“Controls are placed on the development and use of such areas so as to preserve the Shoreline and critical sand dune areas as natural resources, to preserve the areas of historic importance as protected historic sites, to prevent and/or control erosion, and to maintain the aesthetic and historical qualities of the area.”
—R-4 Lakeshore Open Space Zoned District
Zoning is one of the most significant ways to foster community development and land use practices that conserve energy, land, historical, and natural resources. Simply put, zoning laws protect residents and businesses from arbitrarily having to live or do business next door to things such as noisy nightclubs, truck stops, or hazardous dumps that were not there when the property was purchased.
In general, clear and consistent zoning laws offer many benefits:
- good zoning shields the public from arbitrary development and sprawl;
- good zoning protects the land values of property owners;
- good zoning provides for appropriate and consistent land use by establishing a clear process and protocol for development.
There are three parts necessary to the implementation of good zoning: clear and consistent zoning laws based on a Master Plan, a careful and deliberate zoning board, and a concerned and engaged citizenry.
The more restrictive zoning in the Saugatuck Dunes at the mouth of the Kalamazoo River developed over several decades of community input following a deliberate process; cost the taxpayers significant time, energy, and money; and honors the extraordinary value to our local economy of the resources found there.

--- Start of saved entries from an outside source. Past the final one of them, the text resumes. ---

(* Fix $k\in\mathbb{N}$ and let $Q$ be a class of $k$-degenerate graphs (closed under isomorphism). Then $P_Q$ is weakly distinguishing.
   Context: All graphs are finite and simple. A graph is $k$-degenerate if every induced subgraph has a vertex of degree at most $k$. For a class $Q$, $P_Q(G;X)=\sum_{A\subseteq V(G):\, G[A]\in Q}X^{|A|}$, where $G[A]$ is the induced subgraph on $A$. A graph $G$ is $P$-unique if every graph $H$ with $P(G)=P(H)$ is isomorphic to $G$. With $\mathcal{G}(n)$ the set of isomorphism classes of graphs on $n$ vertices and $U_P(n)$ the $P$-unique graphs in $\mathcal{G}(n)$, $P$ is weakly distinguishing if $\lim_{n\to\infty}|U_P(n)|/|\mathcal{G}(n)|=0$. *)

theory Defs
  imports Complex_Main "HOL-Computational_Algebra.Polynomial"
begin

text \<open>A graph is a pair (V, E) of a finite vertex set of naturals and a symmetric,
  irreflexive edge relation on V. Every finite simple graph is isomorphic to one of these.\<close>
type_synonym graph = "nat set \<times> (nat \<times> nat) set"

definition wf_graph :: "graph \<Rightarrow> bool" where
  "wf_graph G \<longleftrightarrow> finite (fst G) \<and> snd G \<subseteq> fst G \<times> fst G \<and> sym (snd G)
     \<and> (\<forall>v. (v, v) \<notin> snd G)"

definition graph_iso :: "graph \<Rightarrow> graph \<Rightarrow> bool" where
  "graph_iso G H \<longleftrightarrow> (\<exists>f. bij_betw f (fst G) (fst H) \<and>
     (\<forall>u\<in>fst G. \<forall>v\<in>fst G. (u, v) \<in> snd G \<longleftrightarrow> (f u, f v) \<in> snd H))"

definition induced :: "graph \<Rightarrow> nat set \<Rightarrow> graph" where
  "induced G A = (A, snd G \<inter> (A \<times> A))"

definition degree :: "graph \<Rightarrow> nat \<Rightarrow> nat" where
  "degree G v = card {u. (v, u) \<in> snd G}"

definition k_degenerate :: "nat \<Rightarrow> graph \<Rightarrow> bool" where
  "k_degenerate k G \<longleftrightarrow>
     (\<forall>A. A \<subseteq> fst G \<longrightarrow> A \<noteq> {} \<longrightarrow> (\<exists>v\<in>A. degree (induced G A) v \<le> k))"

definition indpoly :: "graph set \<Rightarrow> graph \<Rightarrow> nat poly" where
  "indpoly Q G = (\<Sum>A\<in>{A. A \<subseteq> fst G \<and> induced G A \<in> Q}. monom 1 (card A))"

definition P_unique :: "(graph \<Rightarrow> 'b) \<Rightarrow> graph \<Rightarrow> bool" where
  "P_unique P G \<longleftrightarrow> (\<forall>H. wf_graph H \<longrightarrow> P H = P G \<longrightarrow> graph_iso G H)"

definition graphs_on :: "nat \<Rightarrow> graph set" where
  "graphs_on n = {G. wf_graph G \<and> fst G = {0..<n}}"

definition graph_classes :: "nat \<Rightarrow> graph set set" where
  "graph_classes n = (\<lambda>G. {H \<in> graphs_on n. graph_iso G H}) ` graphs_on n"

definition unique_classes :: "(graph \<Rightarrow> 'b) \<Rightarrow> nat \<Rightarrow> graph set set" where
  "unique_classes P n = {c \<in> graph_classes n. \<exists>G\<in>c. P_unique P G}"

definition weakly_distinguishing :: "(graph \<Rightarrow> 'b) \<Rightarrow> bool" where
  "weakly_distinguishing P \<longleftrightarrow>
     (\<lambda>n. real (card (unique_classes P n)) / real (card (graph_classes n))) \<longlonglongrightarrow> 0"

end

(*
  There are at least 2^(n choose 2) / n! isomorphism classes of graphs on n vertices; let m = n div 4.
  A P_Q-unique class has a representative G which either contains an induced member of Q on at
  least m vertices, or whose polynomial P_Q(G) has degree below m and coefficients at most 2^n.
  Distinct unique classes have distinct polynomials, so the second kind accounts for at most
  (2^n + 1)^m, roughly 2^(n^2/4), classes. In the first kind some m-set B induces a k-degenerate
  graph and hence spans at most k m edges; counting the choices of B, of those few edges, and of
  all edges outside B gives 2^((n choose 2) - (m choose 2) + O(n log n)) graphs. After multiplying
  by n!, both counts are a vanishing fraction of 2^(n choose 2).
*)
theory Submission
  imports Defs "HOL-Combinatorics.Permutations" "HOL-Real_Asymp.Real_Asymp"
begin

lemma graph_iso_refl: "graph_iso G G"
  unfolding graph_iso_def by (rule exI[of _ id]) auto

What follows is a brief timeline of Saugatuck Township’s R-4 Lakeshore Open Space Zoned District:
Initially, R-4 zoning evolved out of the Tri-Community Comprehensive Plan. Then, Saugatuck Township held transparent public meetings and offered a public comment period over the course of many months. Mr. McClendon’s representatives were present at these public meetings.
In May 2006, Saugatuck Township unanimously passed the R-4 Lakeshore Open Space Zoned District. Two of Mr. McClendon’s lawyers participated in the final meeting, and thus were legally notified. The Allegan County Planning Commission also unanimously approved R-4 zoning in May of 2006.
Even though most real estate transactions have an out clause specifically designed to allow the buyer to cancel the contract, Mr. McClendon chose to buy the land anyway knowing about the zoning change. Mr. McClendon finalized his purchase in June 2006.